Even after grant of anticipatory bail if the accused entertains a reasonable apprehension that he may be committed to the Sessions Court for trial and at that time he may be taken to custody misinterpreting the provisions of S.209 a direction could be given to the Magistrate under S.438 not to remand the accused to custody. 11. When considering the provisions of S.439(1) (a) it could be seen that in granting bail the Magistrate is not having any exclusive powers. The powers of the High Court and the Court of Session is concurrent with that of the Magistrate. Being courts of superior jurisdiction, bail granted by the Sessions Judge or the High Court cannot be cancelled by the Magistrate. The Magistrate can cancel the bail granted by himself only for proper reason under the provisions of S.437(5).
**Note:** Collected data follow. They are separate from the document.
(* Let $N,d\in\mathbb{N}^*$, $\alpha>0$, and for $i\neq j$ let $\Psi_{ij}:\mathbb{R}^{2dN}\to\mathbb{R}_+$ be non-negative, bounded and locally Lipschitz. Let $(x_i(t),v_i(t))_{i\in\{1,\dots,N\},t\ge0}$ be a solution on $\mathbb{R}_+$ of $$\frac{dx_i}{dt}=v_i,\qquad \frac{dv_i}{dt}=\alpha\sum_{j=1}^NQ_t(i,j)(v_j-v_i),$$ where $Q_t(i,j)=\Psi_{ij}((x_1(t),v_1(t)),\dots,(x_N(t),v_N(t)))$ for $i\ne j$ and $Q_t(i,i)=-\sum_{j\ne i}Q_t(i,j)$. Let $(P^*_{s,t})_{0\le s\le t}$ be the solution on $\mathbb{R}_+$ of $$P^*_{t,t}=I,\qquad \partial_tP^*_{s,t}=\alpha Q_tP^*_{s,t},\qquad \partial_sP^*_{s,t}=-\alpha P^*_{s,t}Q_s,$$ and define the Dobrushin ergodicity coefficient $\mu(P^*_{s,t})=\inf_{i,j}\sum_{k=1}^N P^*_{s,t}(i,k)\wedge P^*_{s,t}(j,k)$. Then for all $0\le s\le t$, $$V(t)\le\big(1-\mu(P^*_{s,t})\big)V(s),$$ where $V(t)=\sup_{i,j}\|v_i(t)-v_j(t)\|_2$.
   Context: $a\wedge b=\min(a,b)$; $\|\cdot\|_2$ is the Euclidean norm; $I$ is the $N\times N$ identity matrix. The matrices $P^*_{s,t}$ are stochastic matrices. *)

theory Defs
  imports "HOL-Analysis.Analysis"
begin

text \<open>Agents are indexed by a finite type 'n (N = CARD('n) \<ge> 1), space is real^'d (d = CARD('d) \<ge> 1).
A configuration ((x_1,v_1),...,(x_N,v_N)) in R^{2dN} is represented as a pair (x, v) of
elements of real^'d^'n.\<close>

definition locally_lipschitz :: "('a::metric_space \<Rightarrow> 'b::metric_space) \<Rightarrow> bool" where
  "locally_lipschitz f \<longleftrightarrow> (\<forall>z. \<exists>e>0. \<exists>L. L-lipschitz_on (ball z e) f)"

definition Qmat :: "('n::finite \<Rightarrow> 'n \<Rightarrow> ((real^'d^'n) \<times> (real^'d^'n)) \<Rightarrow> real)
    \<Rightarrow> ((real^'d^'n) \<times> (real^'d^'n)) \<Rightarrow> real^'n^'n" where
  "Qmat Psi z = (\<chi> i j. if i = j then - (\<Sum>k\<in>UNIV - {i}. Psi i k z) else Psi i j z)"

definition dobrushin :: "real^'n^'n \<Rightarrow> real" where
  "dobrushin P = (INF i. INF j. \<Sum>k\<in>UNIV. min (P $ i $ k) (P $ j $ k))"

definition vdiam :: "real^'d^'n \<Rightarrow> real" where
  "vdiam v = (SUP i. SUP j. norm (v $ i - v $ j))"

end

theory Submission
  imports Defs
begin

text \<open>
  The backward Kolmogorov equation makes \<open>\<sigma> \<mapsto> P\<^sub>\<sigma>\<^sub>,\<^sub>t B(\<sigma>)\<close> constant on \<open>[s, t]\<close>
  whenever \<open>B' = \<alpha> Q B\<close>. Taking for \<open>B\<close> the velocities gives \<open>v(t) = P\<^sub>s\<^sub>,\<^sub>t v(s)\<close>; taking
  the all-ones matrix (killed by \<open>Q\<close>, whose rows sum to zero) shows that the rows of
  \<open>P\<^sub>s\<^sub>,\<^sub>t\<close> sum to one. For such a matrix \<open>(P w)\<^sub>i - (P w)\<^sub>j = \<Sum>\<^sub>k a\<^sub>k w\<^sub>k - \<Sum>\<^sub>k b\<^sub>k w\<^sub>k\<close>, where
  \<open>a, b \<ge> 0\<close> are what remains of rows \<open>i, j\<close> after removing their common part
  \<open>min (P\<^sub>i\<^sub>k) (P\<^sub>j\<^sub>k)\<close>; both have total mass \<open>c = 1 - \<Sum>\<^sub>k min (P\<^sub>i\<^sub>k) (P\<^sub>j\<^sub>k)\<close>, and
  \<open>c (\<Sum> a\<^sub>k w\<^sub>k - \<Sum> b\<^sub>l w\<^sub>l) = \<Sum>\<^sub>k\<^sub>,\<^sub>l a\<^sub>k b\<^sub>l (w\<^sub>k - w\<^sub>l)\<close> has norm at most \<open>c\<^sup>2 V\<close>.
\<close>

lemma norm_diff_le_vdiam: "norm (w $ k - w $ l) \<le> vdiam (w :: real^'d::finite^'n::finite)"
proof -
  have "norm (w $ k - w $ l) \<le> (SUP j. norm (w $ k - w $ j))"
    by (rule cSUP_upper) (auto intro: bdd_above_finite)
  also have "\<dots> \<le> vdiam w"
    unfolding vdiam_def by (rule cSUP_upper) (auto intro: bdd_above_finite)
  finally show ?thesis .
qed

lemma vdiam_nonneg: "0 \<le> vdiam (w :: real^'d::finite^'n::finite)"
  using norm_diff_le_vdiam[of w undefined undefined] by simp

lemma vdiam_le:
  assumes "\<And>i j. norm (w $ i - w $ j) \<le> C"
  shows "vdiam (w :: real^'d::finite^'n::finite) \<le> C"
  unfolding vdiam_def using assms by (intro cSUP_least) auto

lemma dobrushin_le_row_overlap:
  "dobrushin (P :: real^'n::finite^'n) \<le> (\<Sum>k\<in>UNIV. min (P $ i $ k) (P $ j $ k))"
proof -
  have "dobrushin P \<le> (INF j. \<Sum>k\<in>UNIV. min (P $ i $ k) (P $ j $ k))"
    unfolding dobrushin_def by (rule cINF_lower) (auto intro: bdd_below_finite)
  also have "\<dots> \<le> (\<Sum>k\<in>UNIV. min (P $ i $ k) (P $ j $ k))"
    by (rule cINF_lower) (auto intro: bdd_below_finite)
  finally show ?thesis .
qed

lemma norm_diff_sum_scaleR_le_diameter:
  fixes w :: "'a \<Rightarrow> 'b::real_normed_vector"
  assumes K: "finite K"
    and a_nonneg: "\<And>k. k \<in> K \<Longrightarrow> 0 \<le> a k" and b_nonneg: "\<And>k. k \<in> K \<Longrightarrow> 0 \<le> b k"
    and mass: "sum b K = sum a K"
    and diam: "\<And>k l. k \<in> K \<Longrightarrow> l \<in> K \<Longrightarrow> norm (w k - w l) \<le> \<delta>"
  shows "norm ((\<Sum>k\<in>K. a k *\<^sub>R w k) - (\<Sum>k\<in>K. b k *\<^sub>R w k)) \<le> sum a K * \<delta>"
proof -
  define c where "c = sum a K"
  define D where "D = (\<Sum>k\<in>K. a k *\<^sub>R w k) - (\<Sum>l\<in>K. b l *\<^sub>R w l)"
  have c_nonneg: "0 \<le> c"
    unfolding c_def using a_nonneg by (simp add: sum_nonneg)
  have "c *\<^sub>R D = (\<Sum>l\<in>K. b l) *\<^sub>R (\<Sum>k\<in>K. a k *\<^sub>R w k) - (\<Sum>k\<in>K. a k) *\<^sub>R (\<Sum>l\<in>K. b l *\<^sub>R w l)"
    by (simp add: D_def c_def mass scaleR_diff_right)
  also have "\<dots> = (\<Sum>k\<in>K. \<Sum>l\<in>K. (a k * b l) *\<^sub>R w k) - (\<Sum>k\<in>K. \<Sum>l\<in>K. (a k * b l) *\<^sub>R w l)"
  proof -
    have "(\<Sum>l\<in>K. b l) *\<^sub>R (\<Sum>k\<in>K. a k *\<^sub>R w k) = (\<Sum>k\<in>K. \<Sum>l\<in>K. (a k * b l) *\<^sub>R w k)"
      by (simp add: scaleR_sum_right scaleR_sum_left mult.commute sum_distrib_left)
    moreover have "(\<Sum>k\<in>K. a k) *\<^sub>R (\<Sum>l\<in>K. b l *\<^sub>R w l) = (\<Sum>k\<in>K. \<Sum>l\<in>K. (a k * b l) *\<^sub>R w l)"
      by (simp add: scaleR_sum_right scaleR_sum_left sum_distrib_right) (rule sum.swap)
    ultimately show ?thesis by simp
  qed
  also have "\<dots> = (\<Sum>k\<in>K. \<Sum>l\<in>K. (a k * b l) *\<^sub>R (w k - w l))"
    by (simp add: scaleR_diff_right sum_subtractf)
  finally have cD: "c *\<^sub>R D = \<dots>" .
  have "c * norm D = norm (\<Sum>k\<in>K. \<Sum>l\<in>K. (a k * b l) *\<^sub>R (w k - w l))"
    using c_nonneg by (simp flip: cD)
  also have "\<dots> \<le> (\<Sum>k\<in>K. \<Sum>l\<in>K. norm ((a k * b l) *\<^sub>R (w k - w l)))"
    by (rule order_trans[OF norm_sum sum_mono[OF norm_sum]])
  also have "\<dots> \<le> (\<Sum>k\<in>K. \<Sum>l\<in>K. (a k * b l) * \<delta>)"
    using a_nonneg b_nonneg diam by (intro sum_mono) (simp add: mult_left_mono)
  also have "\<dots> = sum a K * sum b K * \<delta>"
    by (simp add: sum_distrib_left sum_distrib_right mult.assoc) (rule sum.swap)
  also have "\<dots> = c * (c * \<delta>)"
    by (simp add: c_def mass)
  finally have scaled: "c * norm D \<le> c * (c * \<delta>)" .
  show ?thesis
  proof (cases "c = 0")
    case True
    then have "a k = 0" "b k = 0" if "k \<in> K" for k
      using that K a_nonneg b_nonneg mass unfolding c_def by (simp_all add: sum_nonneg_eq_0_iff)
    then show ?thesis
      by simp
  next
    case False
    with scaled c_nonneg show ?thesis
      by (simp add: D_def c_def)
  qed
qed
lemma norm_diff_rows_matrix_mult_le:
  fixes P :: "real^'n::finite^'n" and w :: "real^'d::finite^'n"
  assumes rows: "\<And>i. (\<Sum>k\<in>UNIV. P $ i $ k) = 1"
  shows "norm ((P ** w) $ i - (P ** w) $ j) \<le> (1 - (\<Sum>k\<in>UNIV. min (P $ i $ k) (P $ j $ k))) * vdiam w"
proof -
  define m where "m k = min (P $ i $ k) (P $ j $ k)" for k
  define a where "a k = P $ i $ k - m k" for k
  define b where "b k = P $ j $ k - m k" for k
  have mass_a: "sum a UNIV = 1 - sum m UNIV"
    using rows[of i] by (simp add: a_def sum_subtractf)
  have mass_b: "sum b UNIV = 1 - sum m UNIV"
    using rows[of j] by (simp add: b_def sum_subtractf)
  have row: "(P ** w) $ r = (\<Sum>k\<in>UNIV. P $ r $ k *\<^sub>R w $ k)" for r
    by (simp add: vec_eq_iff matrix_matrix_mult_def)
  have "(P ** w) $ i - (P ** w) $ j = (\<Sum>k\<in>UNIV. a k *\<^sub>R w $ k) - (\<Sum>k\<in>UNIV. b k *\<^sub>R w $ k)"
    by (simp add: row a_def b_def scaleR_diff_left sum_subtractf)
  also have "norm \<dots> \<le> sum a UNIV * vdiam w"
    by (rule norm_diff_sum_scaleR_le_diameter[OF finite_class.finite_UNIV _ _ mass_b[folded mass_a]])
       (auto simp: a_def b_def m_def norm_diff_le_vdiam)
  finally show ?thesis
    by (simp add: mass_a m_def)
qed

lemma vdiam_matrix_mult_le:
  fixes P :: "real^'n::finite^'n" and w :: "real^'d::finite^'n"
  assumes rows: "\<And>i. (\<Sum>k\<in>UNIV. P $ i $ k) = 1"
  shows "vdiam (P ** w) \<le> (1 - dobrushin P) * vdiam w"
proof (rule vdiam_le)
  fix i j
  have "norm ((P ** w) $ i - (P ** w) $ j) \<le> (1 - (\<Sum>k\<in>UNIV. min (P $ i $ k) (P $ j $ k))) * vdiam w"
    using rows by (rule norm_diff_rows_matrix_mult_le)
  also have "\<dots> \<le> (1 - dobrushin P) * vdiam w"
    by (intro mult_right_mono vdiam_nonneg) (simp add: dobrushin_le_row_overlap)
  finally show "norm ((P ** w) $ i - (P ** w) $ j) \<le> (1 - dobrushin P) * vdiam w" .
qed

lemma bounded_bilinear_matrix_matrix_mult:
  "bounded_bilinear (\<lambda>(A :: real^'n::finite^'m::finite) (B :: real^'k::finite^'n). A ** B)"
proof -
  have "bilinear (\<lambda>(A :: real^'n^'m) (B :: real^'k^'n). A ** B)"
    unfolding bilinear_def
    by (auto intro!: linearI
        simp: vec_eq_iff matrix_matrix_mult_def sum.distrib algebra_simps sum_distrib_left)
  then show ?thesis
    by (simp add: bilinear_conv_bounded_bilinear)
qed

lemma backward_forward_matrix_mult_const:
  fixes A Q :: "real \<Rightarrow> real^'n::finite^'n" and B :: "real \<Rightarrow> real^'k::finite^'n"
  assumes "s \<le> t"
    and A_deriv: "\<And>\<sigma>. \<sigma> \<in> {s..t} \<Longrightarrow> (A has_vector_derivative - (A \<sigma> ** Q \<sigma>)) (at \<sigma> within {s..t})"
    and B_deriv: "\<And>\<sigma>. \<sigma> \<in> {s..t} \<Longrightarrow> (B has_vector_derivative Q \<sigma> ** B \<sigma>) (at \<sigma> within {s..t})"
  shows "A s ** B s = A t ** B t"
proof -
  note bb = bounded_bilinear_matrix_matrix_mult
  have "((\<lambda>\<sigma>. A \<sigma> ** B \<sigma>) has_vector_derivative 0) (at \<sigma> within {s..t})" if "\<sigma> \<in> {s..t}" for \<sigma>
    using bounded_bilinear.has_vector_derivative[OF bb A_deriv[OF that] B_deriv[OF that]]
    by (simp add: bounded_bilinear.minus_left[OF bb] matrix_mul_assoc)
  then obtain c where "\<And>\<sigma>. \<sigma> \<in> {s..t} \<Longrightarrow> A \<sigma> ** B \<sigma> = c"
    using has_vector_derivative_zero_constant[OF convex_real_interval(5)] by blast
  with \<open>s \<le> t\<close> show ?thesis
    by simp
qed

lemma Qmat_row_sum: "(\<Sum>j\<in>UNIV. Qmat Psi z $ i $ j) = 0"
proof -
  have "(\<Sum>j\<in>UNIV. Qmat Psi z $ i $ j) = Qmat Psi z $ i $ i + (\<Sum>j\<in>UNIV - {i}. Qmat Psi z $ i $ j)"
    by (simp add: sum.remove)
  also have "(\<Sum>j\<in>UNIV - {i}. Qmat Psi z $ i $ j) = (\<Sum>j\<in>UNIV - {i}. Psi i j z)"
    by (rule sum.cong) (auto simp: Qmat_def)
  finally show ?thesis
    by (simp add: Qmat_def)
qed

lemma sum_scaleR_diff_eq_matrix_mult:
  fixes Q :: "real^'n::finite^'n" and w :: "real^'d::finite^'n"
  assumes "\<And>i. (\<Sum>j\<in>UNIV. Q $ i $ j) = 0"
  shows "(\<chi> i. \<Sum>j\<in>UNIV. Q $ i $ j *\<^sub>R (w $ j - w $ i)) = Q ** w"
  using assms
  by (simp add: vec_eq_iff matrix_matrix_mult_def scaleR_diff_right sum_subtractf
      scaleR_sum_left[symmetric] sum_component)

theorem corollary2p8:
  fixes Psi :: "'n::finite \<Rightarrow> 'n \<Rightarrow> ((real^'d::finite^'n) \<times> (real^'d^'n)) \<Rightarrow> real"
    and x v :: "real \<Rightarrow> real^'d^'n"
    and P :: "real \<Rightarrow> real \<Rightarrow> real^'n^'n"
    and \<alpha> :: real
  assumes alpha_pos: "\<alpha> > 0"
    and Psi_nonneg: "\<And>i j z. i \<noteq> j \<Longrightarrow> Psi i j z \<ge> 0"
    and Psi_bounded: "\<And>i j. i \<noteq> j \<Longrightarrow> bounded (range (Psi i j))"
    and Psi_loclip: "\<And>i j. i \<noteq> j \<Longrightarrow> locally_lipschitz (Psi i j)"
    and x_ode: "\<And>t. t \<ge> 0 \<Longrightarrow> (x has_vector_derivative v t) (at t within {0..})"
    and v_ode: "\<And>t. t \<ge> 0 \<Longrightarrow> (v has_vector_derivative
              (\<chi> i. \<alpha> *\<^sub>R (\<Sum>j\<in>UNIV. Qmat Psi (x t, v t) $ i $ j *\<^sub>R (v t $ j - v t $ i))))
              (at t within {0..})"
    and P_diag: "\<And>t. t \<ge> 0 \<Longrightarrow> P t t = mat 1"
    and P_dt: "\<And>s t. 0 \<le> s \<Longrightarrow> s \<le> t \<Longrightarrow>
              ((\<lambda>\<tau>. P s \<tau>) has_vector_derivative (\<alpha> *\<^sub>R (Qmat Psi (x t, v t) ** P s t)))
              (at t within {s..})"
    and P_ds: "\<And>s t. 0 \<le> s \<Longrightarrow> s \<le> t \<Longrightarrow>
              ((\<lambda>\<sigma>. P \<sigma> t) has_vector_derivative (- (\<alpha> *\<^sub>R (P s t ** Qmat Psi (x s, v s)))))
              (at s within {0..t})"
    and st: "0 \<le> s" "s \<le> t"
  shows "vdiam (v t) \<le> (1 - dobrushin (P s t)) * vdiam (v s)"
proof -
  define Q where "Q \<sigma> = \<alpha> *\<^sub>R Qmat Psi (x \<sigma>, v \<sigma>)" for \<sigma>
  define ones :: "real^'n^'n" where "ones = (\<chi> i j. 1)"
  have Q_rows: "(\<Sum>j\<in>UNIV. Q \<sigma> $ i $ j) = 0" for \<sigma> i
    by (simp add: Q_def Qmat_row_sum flip: sum_distrib_left)
  have P_deriv: "((\<lambda>\<sigma>. P \<sigma> t) has_vector_derivative - (P \<sigma> t ** Q \<sigma>)) (at \<sigma> within {s..t})"
    if "\<sigma> \<in> {s..t}" for \<sigma>
    using P_ds[of \<sigma> t] that st
    by (auto simp: Q_def matrix_scalar_ac scalar_matrix_assoc intro: has_vector_derivative_within_subset)
  have v_deriv: "(v has_vector_derivative Q \<sigma> ** v \<sigma>) (at \<sigma> within {s..t})" if "\<sigma> \<in> {s..t}" for \<sigma>
  proof -
    have "Q \<sigma> ** v \<sigma> = (\<chi> i. \<Sum>j\<in>UNIV. Q \<sigma> $ i $ j *\<^sub>R (v \<sigma> $ j - v \<sigma> $ i))"
      by (rule sum_scaleR_diff_eq_matrix_mult[OF Q_rows, symmetric])
    also have "\<dots> = (\<chi> i. \<alpha> *\<^sub>R (\<Sum>j\<in>UNIV. Qmat Psi (x \<sigma>, v \<sigma>) $ i $ j *\<^sub>R (v \<sigma> $ j - v \<sigma> $ i)))"
      by (simp add: Q_def scaleR_sum_right)
    finally show ?thesis
      using v_ode[of \<sigma>] that st by (auto intro: has_vector_derivative_within_subset)
  qed
  have "v t = P s t ** v s"
    using backward_forward_matrix_mult_const[OF st(2) P_deriv v_deriv] P_diag st by simp
  moreover have "(\<Sum>k\<in>UNIV. P s t $ i $ k) = 1" for i
  proof -
    have "Q \<sigma> ** ones = 0" for \<sigma>
      using Q_rows by (simp add: vec_eq_iff matrix_matrix_mult_def ones_def)
    then have "P s t ** ones = ones"
      using backward_forward_matrix_mult_const[OF st(2) P_deriv, of "\<lambda>_. ones"] P_diag st by simp
    then show ?thesis
      by (simp add: vec_eq_iff matrix_matrix_mult_def ones_def)
  qed
  ultimately show ?thesis
    by (simp add: vdiam_matrix_mult_le)
qed

end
Automatic cancellation of bail and remand to custody at the time of committal is not contemplated under S.209. If so cancelled, it will amount to an abuse of process of court. Both petitions are allowed and the Magistrate is directed that when the petitioners are committed for trial to Sessions Court, Palghat, they shall not be remanded to custody but released on bail to appear before the Sessions Court on the existing terms and conditions under which they were released on bail.